Scripture discloses that Jesus was crucified around 9:00 a.m. and that he remained on the cross for six hours. At noon, when the sun would have been shining down at full strength, the land was covered by darkness for three hours. The secular historian Thallus chronicled the episode in AD 52, helping the modern reader to realize that the darkness written of was not symbolic or metaphorical.

The darkness at the crucifixion should have pricked the conscious of those who were in Jerusalem that day. It was under the cover of darkness that the first Passover was observed the night prior to the departure of the Israelites from Egyptian bondage. As they observed the Passover, the angel of death stormed the land taking the life of every first born living creature who was not under the protective shield of the blood of the Passover lamb.

The prophet Amos foreshadowed the event as well in the following verses:

“And in that day—this is the declaration of the Lord God—
I will make the sun go down at noon;
I will darken the land in the daytime.
I will turn your feasts into mourning
and all your songs into lamentation;
I will cause everyone to wear sackcloth
and every head to be shaved.
I will make that grief like the mourning for an only son
and its outcome like a bitter day.”
(Amos 8:9-10, HCSB)

While I belive that the reader should take the referenced darkness in Matthew’s gospel to be literal, this darkness certainly carries symbolic meaning. It speaks of the feeling one experiences when feeling abandoned, forsaken, and alone.
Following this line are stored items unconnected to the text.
(* Let $\mathbb X,\mathbb Y$ be Euclidean spaces, $\Phi\colon\mathbb X\rightrightarrows\mathbb Y$ with closed graph, $(\bar x,\bar y)\in\operatorname{gph}\Phi$ and $u\in\mathbb S_{\mathbb X}$. Each of the following three properties remains equivalent to itself when, in its definition, the requirement $x_k^*\in\widehat D^*\Phi(x_k,y_k)(\lambda_k)$ is replaced by $x_k^*\in D^*\Phi(x_k,y_k)(\lambda_k)$: (a) asymptotic regularity of $\Phi$ at $(\bar x,\bar y)$: for all sequences $(x_k,y_k)\in\operatorname{gph}\Phi$, $x_k^*$, $\lambda_k$ and $x^*$ with $x_k\to\bar x$, $y_k\to\bar y$, $x_k^*\to x^*$ and $x_k^*\in\widehat D^*\Phi(x_k,y_k)(\lambda_k)$ for all $k$, one has $x^*\in\operatorname{Im}D^*\Phi(\bar x,\bar y)$; (b) asymptotic regularity of $\Phi$ at $(\bar x,\bar y)$ in direction $u$: for all sequences $(x_k,y_k)\in\operatorname{gph}\Phi$, $x_k^*\in\mathbb X$, $\lambda_k\in\mathbb Y$ and $x^*\in\mathbb X$, $y^*\in\mathbb Y$ with $x_k\notin\Phi^{-1}(\bar y)$, $y_k\ne\bar y$, $x_k^*\in\widehat D^*\Phi(x_k,y_k)(\lambda_k)$ for all $k$ and the convergences (C): $x_k\to\bar x$, $y_k\to\bar y$, $x_k^*\to x^*$, $\frac{x_k-\bar x}{\|x_k-\bar x\|}\to u$, $\frac{y_k-\bar y}{\|x_k-\bar x\|}\to0$, $\frac{\|y_k-\bar y\|}{\|x_k-\bar x\|}\lambda_k\to y^*$, $\|\lambda_k\|\to\infty$, $\frac{y_k-\bar y}{\|y_k-\bar y\|}-\frac{\lambda_k}{\|\lambda_k\|}\to0$, one has $x^*\in\operatorname{Im}D^*\Phi(\bar x,\bar y)$; (c) strong asymptotic regularity of $\Phi$ at $(\bar x,\bar y)$ in direction $u$: the same as (b) but with conclusion $x^*\in\operatorname{Im}D^*\Phi((\bar x,\bar y);(u,0))$.
   Context: $\widehat D^*\Phi(x,y)(y^* )=\{x^*\mid(x^*,-y^* )\in\widehat{\mathcal N}_{\operatorname{gph}\Phi}(x,y)\}$ (regular coderivative), $D^*\Phi(x,y)(y^* )$ likewise with the limiting normal cone $\mathcal N$, and $D^*\Phi((\bar x,\bar y);(u,v))(y^* )=\{x^*\mid(x^*,-y^* )\in\mathcal N_{\operatorname{gph}\Phi}((\bar x,\bar y);(u,v))\}$ with the directional limiting normal cone $\mathcal N_Q(z;w)$ = set of $\eta$ with $w_k\to w$, $t_k\downarrow0$, $\eta_k\to\eta$, $\eta_k\in\widehat{\mathcal N}_Q(z+t_kw_k)$. $\operatorname{Im}\Psi:=\bigcup_{y^*}\Psi(y^* )$. *)

theory Defs
  imports "HOL-Analysis.Analysis"
begin

definition gph :: "('a \<Rightarrow> 'b set) \<Rightarrow> ('a \<times> 'b) set" where
  "gph \<Phi> = {(x, y). y \<in> \<Phi> x}"

text \<open>Regular (Frechet) normal cone: limsup of inner(eta, z'-z)/norm(z'-z) over z' in Q, z' to z, is at most 0;
  empty outside Q.\<close>
definition reg_normal :: "'e::euclidean_space set \<Rightarrow> 'e \<Rightarrow> 'e set" where
  "reg_normal Q z = {\<eta>. z \<in> Q \<and>
     (\<forall>\<epsilon>>0. \<exists>\<delta>>0. \<forall>z'\<in>Q. norm (z' - z) < \<delta> \<longrightarrow> \<eta> \<bullet> (z' - z) \<le> \<epsilon> * norm (z' - z))}"

definition lim_normal :: "'e::euclidean_space set \<Rightarrow> 'e \<Rightarrow> 'e set" where
  "lim_normal Q z = {\<eta>. \<exists>zs \<eta>s. (\<forall>k. zs k \<in> Q \<and> \<eta>s k \<in> reg_normal Q (zs k)) \<and>
     zs \<longlonglongrightarrow> z \<and> \<eta>s \<longlonglongrightarrow> \<eta>}"

definition dir_normal :: "'e::euclidean_space set \<Rightarrow> 'e \<Rightarrow> 'e \<Rightarrow> 'e set" where
  "dir_normal Q z w = {\<eta>. \<exists>t ws \<eta>s. (\<forall>k. t k > 0 \<and> \<eta>s k \<in> reg_normal Q (z + t k *\<^sub>R ws k)) \<and>
     t \<longlonglongrightarrow> 0 \<and> ws \<longlonglongrightarrow> w \<and> \<eta>s \<longlonglongrightarrow> \<eta>}"

definition reg_coderiv :: "('a::euclidean_space \<Rightarrow> 'b::euclidean_space set) \<Rightarrow> 'a \<Rightarrow> 'b \<Rightarrow> 'b \<Rightarrow> 'a set" where
  "reg_coderiv \<Phi> x y ys = {xs. (xs, - ys) \<in> reg_normal (gph \<Phi>) (x, y)}"

definition lim_coderiv :: "('a::euclidean_space \<Rightarrow> 'b::euclidean_space set) \<Rightarrow> 'a \<Rightarrow> 'b \<Rightarrow> 'b \<Rightarrow> 'a set" where
  "lim_coderiv \<Phi> x y ys = {xs. (xs, - ys) \<in> lim_normal (gph \<Phi>) (x, y)}"

definition dir_coderiv :: "('a::euclidean_space \<Rightarrow> 'b::euclidean_space set) \<Rightarrow> 'a \<Rightarrow> 'b \<Rightarrow> 'a \<Rightarrow> 'b \<Rightarrow> 'b \<Rightarrow> 'a set" where
  "dir_coderiv \<Phi> x y u v ys = {xs. (xs, - ys) \<in> dir_normal (gph \<Phi>) (x, y) (u, v)}"

definition Im :: "('b \<Rightarrow> 'a set) \<Rightarrow> 'a set" where
  "Im \<Psi> = (\<Union>ys. \<Psi> ys)"
theorem mainTheorem3:
  fixes n m d t :: nat
    and x :: "nat \<Rightarrow> nat \<Rightarrow> int list" and y :: "nat \<Rightarrow> nat \<Rightarrow> int"
    and H :: "(int list \<Rightarrow> real) set"
    and hs :: "nat \<Rightarrow> int list \<Rightarrow> real"
  assumes x_cube: "\<And>i j. i < n \<Longrightarrow> j < m \<Longrightarrow> x i j \<in> cube d"
    and y_pm: "\<And>i j. i < n \<Longrightarrow> j < m \<Longrightarrow> y i j \<in> {-1, 1}"
    and H_pm: "\<And>h v. h \<in> H \<Longrightarrow> v \<in> cube d \<Longrightarrow> h v \<in> {-1, 1}"
    and hs_in: "\<And>s. s < t \<Longrightarrow> hs s \<in> H"
    and hs_max: "\<And>s h. s < t \<Longrightarrow> h \<in> H \<Longrightarrow>
        objective x y n m (boostF x y m hs s) h \<le> objective x y n m (boostF x y m hs s) (hs s)"
    and alpha_def: "\<And>s i. s < t \<Longrightarrow> i < n \<Longrightarrow>
        correct_mass x y m (boostF x y m hs s) (hs s) i > 0 \<and>
        wrong_mass x y m (boostF x y m hs s) (hs s) i > 0"
  shows "(\<Sum>i<n. \<Sum>j<m. if sgn (boostF x y m hs t i (x i j)) \<noteq> real_of_int (y i j) then 1 else 0)
           / (real n * real m)
         \<le> (\<Prod>s<t. 1 - Gamma x y n m hs s / 2)"
proof -
  have pm: "real_of_int (y i j) \<in> {-1, 1} \<and> hs s (x i j) \<in> {-1, 1}"
    if "s < t" "i < n" "j < m" for s i j
    using that y_pm[of i j] H_pm[OF hs_in x_cube] by auto
  have factor_nonneg: "1 - Gamma x y n m hs s / 2 \<ge> 0" if "s < t" for s
  proof -
    have "Gamma x y n m hs s \<le> 1"
      using pm that by (intro Gamma_le_1) auto
    thus ?thesis by simp
  qed
  have "(\<Sum>i<n. \<Sum>j<m. if sgn (boostF x y m hs t i (x i j)) \<noteq> real_of_int (y i j) then 1 else 0)
      \<le> total_weight x y n m (boostF x y m hs t)"
    using y_pm by (rule errors_le_total_weight)
  also have "\<dots> \<le> total_weight x y n m (boostF x y m hs 0) * (\<Prod>s<t. 1 - Gamma x y n m hs s / 2)"
  proof (rule le_prod_of_steps)
    fix s assume "s < t"
    thus "total_weight x y n m (boostF x y m hs (Suc s))
        \<le> total_weight x y n m (boostF x y m hs s) * (1 - Gamma x y n m hs s / 2)"
      using pm alpha_def by (intro total_weight_boostF_Suc_le) auto
  qed (rule factor_nonneg)
  finally have "(\<Sum>i<n. \<Sum>j<m. if sgn (boostF x y m hs t i (x i j)) \<noteq> real_of_int (y i j) then 1 else 0)
      \<le> real n * real m * (\<Prod>s<t. 1 - Gamma x y n m hs s / 2)"
    by (simp only: total_weight_boostF_0)
  moreover have "(\<Prod>s<t. 1 - Gamma x y n m hs s / 2) \<ge> 0"
    using factor_nonneg by (intro prod_nonneg) auto
  ultimately show ?thesis
    by (cases "real n * real m = 0") (auto simp: divide_le_eq mult.commute)
qed
text \<open>A Pontryagin space is modelled as a complex Hilbert space together with a
  fundamental symmetry J (bounded, J^2 = I, J selfadjoint) whose negative
  eigenspace {x. J x = -x} is finite dimensional; the indefinite inner product
  is [x,y] = (J x, y).\<close>
definition pontryagin_symmetry :: "('k::complex_hilbert \<Rightarrow> 'k) \<Rightarrow> bool" where
  "pontryagin_symmetry J \<longleftrightarrow>
     bounded_clinear J \<and> (\<forall>x. J (J x) = x) \<and> (\<forall>x y. cinner (J x) y = cinner x (J y)) \<and>
     (\<exists>(n::nat) (e::nat \<Rightarrow> 'k). \<forall>x. J x = - x \<longrightarrow> (\<exists>c. x = (\<Sum>i<n. c i *\<^sub>C e i)))"

definition kinner :: "('k::complex_hilbert \<Rightarrow> 'k) \<Rightarrow> 'k \<Rightarrow> 'k \<Rightarrow> complex" where
  "kinner J x y = cinner (J x) y"

definition resolvent_op :: "'k set \<Rightarrow> ('k::complex_hilbert \<Rightarrow> 'k) \<Rightarrow> complex \<Rightarrow> 'k \<Rightarrow> 'k" where
  "resolvent_op M T z = inv_into M (\<lambda>x. T x - z *\<^sub>C x)"

definition in_resolvent_set :: "'k set \<Rightarrow> ('k::complex_hilbert \<Rightarrow> 'k) \<Rightarrow> complex \<Rightarrow> bool" where
  "in_resolvent_set M T z \<longleftrightarrow>
     bij_betw (\<lambda>x. T x - z *\<^sub>C x) M M \<and>
     (\<exists>C. \<forall>y\<in>M. norm (resolvent_op M T z y) \<le> C * norm y)"

end

theory Submission
  imports Defs
begin

text \<open>
  Write G = \<Gamma>0^+ \<Gamma>0, A' = (I - P) A (I - P) and y = \<Gamma>0 G^-1 h, and let u \<in> (I - P)K solve
  the compressed equation (A' - z) u = (I - P) A y. Then (A - z)(u - y) = P w with
  w = A u - (A - z) y, so Q(z) applied to -Qhat(z) h = -G^-1 \<Gamma>0^+ w gives \<Gamma>0^+ (y - u) = h,
  as \<Gamma>0^+ vanishes on (I - P)K. Conversely, for x = (A - z)^-1 \<Gamma>0 h the vector P x - x solves
  the compressed equation with right side (I - P) A P x, and unwinding gives
  -Qhat(z) (Q(z) h) = h. So -Qhat(z) is a two-sided inverse of Q(z), bounded because all its
  ingredients are; \<Gamma>0^+ is bounded as the adjoint of the bounded map J \<Gamma>0. The identity is
  purely algebraic: neither the self-adjointness of A nor the finiteness of the negative index
  is used.
\<close>

lemma clinear_additive: "clinear f \<Longrightarrow> Modules.additive f"
  by (simp add: clinear_def Modules.additive_def)

lemma clinear_add: "clinear f \<Longrightarrow> f (x + y) = f x + f y"
  by (simp add: clinear_def)

lemma clinear_scaleC: "clinear f \<Longrightarrow> f (a *\<^sub>C x) = a *\<^sub>C f x"
  by (simp add: clinear_def)

lemma clinear_diff: "clinear f \<Longrightarrow> f (x - y) = f x - f y"
  by (rule Modules.additive.diff[OF clinear_additive])

lemma clinear_minus: "clinear f \<Longrightarrow> f (- x) = - f x"
  by (rule Modules.additive.minus[OF clinear_additive])

lemma clinear_zero: "clinear f \<Longrightarrow> f 0 = 0"
  by (rule Modules.additive.zero[OF clinear_additive])

lemma clinear_compose: "clinear f \<Longrightarrow> clinear g \<Longrightarrow> clinear (\<lambda>x. f (g x))"
  by (simp add: clinear_def)

lemma clinear_inverse:
  assumes f: "clinear f" and fg: "\<And>y. f (g y) = y" and gf: "\<And>x. g (f x) = x"
  shows "clinear g"
  unfolding clinear_def
proof (intro conjI allI)
  fix a x y
  show "g (x + y) = g x + g y"
    by (metis fg gf clinear_add[OF f])
  show "g (a *\<^sub>C x) = a *\<^sub>C g x"
    by (metis fg gf clinear_scaleC[OF f])
qed

lemma additive_scaleC: "Modules.additive (\<lambda>x. c *\<^sub>C (x::'a::complex_vector))"
  by (simp add: Modules.additive_def scaleC_add_right)

lemma scaleC_diff_right: "c *\<^sub>C ((x::'a::complex_vector) - y) = c *\<^sub>C x - c *\<^sub>C y"
  by (rule Modules.additive.diff[OF additive_scaleC])

lemma scaleC_zero_right: "c *\<^sub>C (0::'a::complex_vector) = 0"
  by (rule Modules.additive.zero[OF additive_scaleC])

lemma cinner_add_right: "cinner (x::'a::complex_inner) (y + z) = cinner x y + cinner x z"
  by (metis cinner_add_left cinner_commute complex_cnj_add)

lemma cinner_scaleC_right: "cinner (x::'a::complex_inner) (a *\<^sub>C y) = a * cinner x y"
  by (metis cinner_commute cinner_scaleC_left complex_cnj_cnj complex_cnj_mult)

lemma cinner_diff_left: "cinner ((x::'a::complex_inner) - y) z = cinner x z - cinner y z"
  using cinner_add_left[of "x - y" y z] by simp

lemma cinner_diff_right: "cinner (x::'a::complex_inner) (y - z) = cinner x y - cinner x z"
  using cinner_add_right[of x "y - z" z] by simp

lemma cinner_scaleR_left: "cinner (r *\<^sub>R (x::'a::complex_inner)) y = complex_of_real r * cinner x y"
  by (simp add: scaleR_scaleC cinner_scaleC_left)

lemma cinner_scaleR_right: "cinner (x::'a::complex_inner) (r *\<^sub>R y) = complex_of_real r * cinner x y"
  by (simp add: scaleR_scaleC cinner_scaleC_right)

lemma power2_norm_eq_cinner: "(norm (x::'a::complex_inner))\<^sup>2 = Re (cinner x x)"
  by (simp add: norm_eq_sqrt_cinner cinner_ge_zero)

lemma cinner_right_ext: "(\<And>h. cinner h a = cinner h b) \<Longrightarrow> (a::'a::complex_inner) = b"
  by (metis cinner_diff_right cinner_eq_zero_iff eq_iff_diff_eq_0)

lemma norm_scaleC: "norm (a *\<^sub>C (x::'a::complex_inner)) = cmod a * norm x"
proof -
  have "cinner (a *\<^sub>C x) (a *\<^sub>C x) = (a * cnj a) * cinner x x"
    by (simp add: cinner_scaleC_left cinner_scaleC_right mult_ac)
  also have "a * cnj a = complex_of_real ((cmod a)\<^sup>2)"
    by (rule complex_norm_square[symmetric])
  finally have "(norm (a *\<^sub>C x))\<^sup>2 = (cmod a * norm x)\<^sup>2"
    by (simp add: power2_norm_eq_cinner power_mult_distrib)
  then show ?thesis
    by (rule power2_eq_imp_eq) simp_all
qed

lemma Re_cinner_le_norm: "Re (cinner (a::'a::complex_inner) b) \<le> norm a * norm b"
proof (cases "a = 0 \<or> b = 0")
  case True
  then show ?thesis
    using cinner_diff_left[of a a b] cinner_diff_right[of a b b] by auto
next
  case False
  then have na: "norm a > 0" and nb: "norm b > 0" by auto
  define t where "t = norm a / norm b"
  have sym: "Re (cinner b a) = Re (cinner a b)"
    by (subst cinner_commute) simp
  have "0 \<le> Re (cinner (a - t *\<^sub>R b) (a - t *\<^sub>R b))" by (rule cinner_ge_zero)
  also have "\<dots> = Re (cinner a a) - 2 * t * Re (cinner a b) + t\<^sup>2 * Re (cinner b b)"
    by (simp add: cinner_diff_left cinner_diff_right cinner_scaleR_left cinner_scaleR_right sym
        power2_eq_square algebra_simps)
  also have "\<dots> = 2 * (norm a)\<^sup>2 - 2 * t * Re (cinner a b)"
    using nb by (simp add: power2_norm_eq_cinner[symmetric] t_def power_divide)
  finally have "t * Re (cinner a b) \<le> (norm a)\<^sup>2" by simp
  then have "norm a * Re (cinner a b) \<le> norm a * (norm a * norm b)"
    using nb by (simp add: t_def field_simps power2_eq_square)
  then show ?thesis
    using na by (rule mult_left_le_imp_le)
qed

text \<open>Boundedness separated from linearity: -Qhat(z) is shown bounded before it is known to be
  linear, and the compressed resolvent is only bounded on (I - P)K.\<close>
definition bounded_map :: "('a::real_normed_vector \<Rightarrow> 'b::real_normed_vector) \<Rightarrow> bool" where
  "bounded_map f \<longleftrightarrow> (\<exists>C. \<forall>x. norm (f x) \<le> norm x * C)"

lemma bounded_clinear_iff: "bounded_clinear f \<longleftrightarrow> clinear f \<and> bounded_map f"
  by (simp add: bounded_clinear_def bounded_map_def)

lemma bounded_map_pos: "bounded_map f \<Longrightarrow> \<exists>C>0. \<forall>x. norm (f x) \<le> norm x * C"
proof -
  assume "bounded_map f"
  then obtain C where C: "\<forall>x. norm (f x) \<le> norm x * C" by (auto simp: bounded_map_def)
  have "\<forall>x. norm (f x) \<le> norm x * max C 1"
    by (metis C order_trans max.cobounded1 mult_left_mono norm_ge_zero)
  then show ?thesis by (intro exI[of _ "max C 1"]) auto
qed

lemma bounded_map_compose: "bounded_map f \<Longrightarrow> bounded_map g \<Longrightarrow> bounded_map (\<lambda>x. f (g x))"
proof -
  assume "bounded_map f" "bounded_map g"
  then obtain C D where C: "C > 0" "\<And>x. norm (f x) \<le> norm x * C"
    and D: "\<And>x. norm (g x) \<le> norm x * D"
    using bounded_map_pos by (metis bounded_map_def)
  have "norm (f (g x)) \<le> norm x * (D * C)" for x
  proof -
    have "norm (f (g x)) \<le> norm (g x) * C" by (rule C(2))
    also have "\<dots> \<le> norm x * D * C" using C(1) D[of x] by simp
    finally show ?thesis by (simp add: mult.assoc)
  qed
  then show ?thesis unfolding bounded_map_def by blast
qed

lemma bounded_map_diff: "bounded_map f \<Longrightarrow> bounded_map g \<Longrightarrow> bounded_map (\<lambda>x. f x - g x)"
proof -
  assume "bounded_map f" "bounded_map g"
  then obtain C D where C: "\<And>x. norm (f x) \<le> norm x * C"
    and D: "\<And>x. norm (g x) \<le> norm x * D" by (auto simp: bounded_map_def)
  have "norm (f x - g x) \<le> norm x * (C + D)" for x
  proof -
    have "norm (f x - g x) \<le> norm (f x) + norm (g x)" by (rule norm_triangle_ineq4)
    also have "\<dots> \<le> norm x * C + norm x * D" using C D by (rule add_mono)
    finally show ?thesis by (simp add: distrib_left)
  qed
  then show ?thesis unfolding bounded_map_def by blast
qed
I attended college in Hannibal, Missouri. Hannibal is best known for the writings of Mark Twain. Most of my peers, I suspect, at some point bumped up against Tom Sawyer and Huck Finn as a part of required reading for Language Arts. If you go to Hannibal, Missouri, you can tour the Mark Twain Cave. As a part of that tour the guide highlights points of interest such as Tom and Becky’s post office and Injun Joe’s hideout. As a bonus, the tour guide turns out the light which allows tourists to experience absolute darkness. Absolute darkness can be felt…a darkness so thick that a person can quickly become disoriented and lose perspective.

Darkness is an appropriate way to describe the feeling of being forsaken by God. It was St. John of the Cross, who after battling depression and discouragement who coined the phrase, “the dark night of the soul.” At noon it did become dark, but in more ways than one. Maybe you sense that today as well.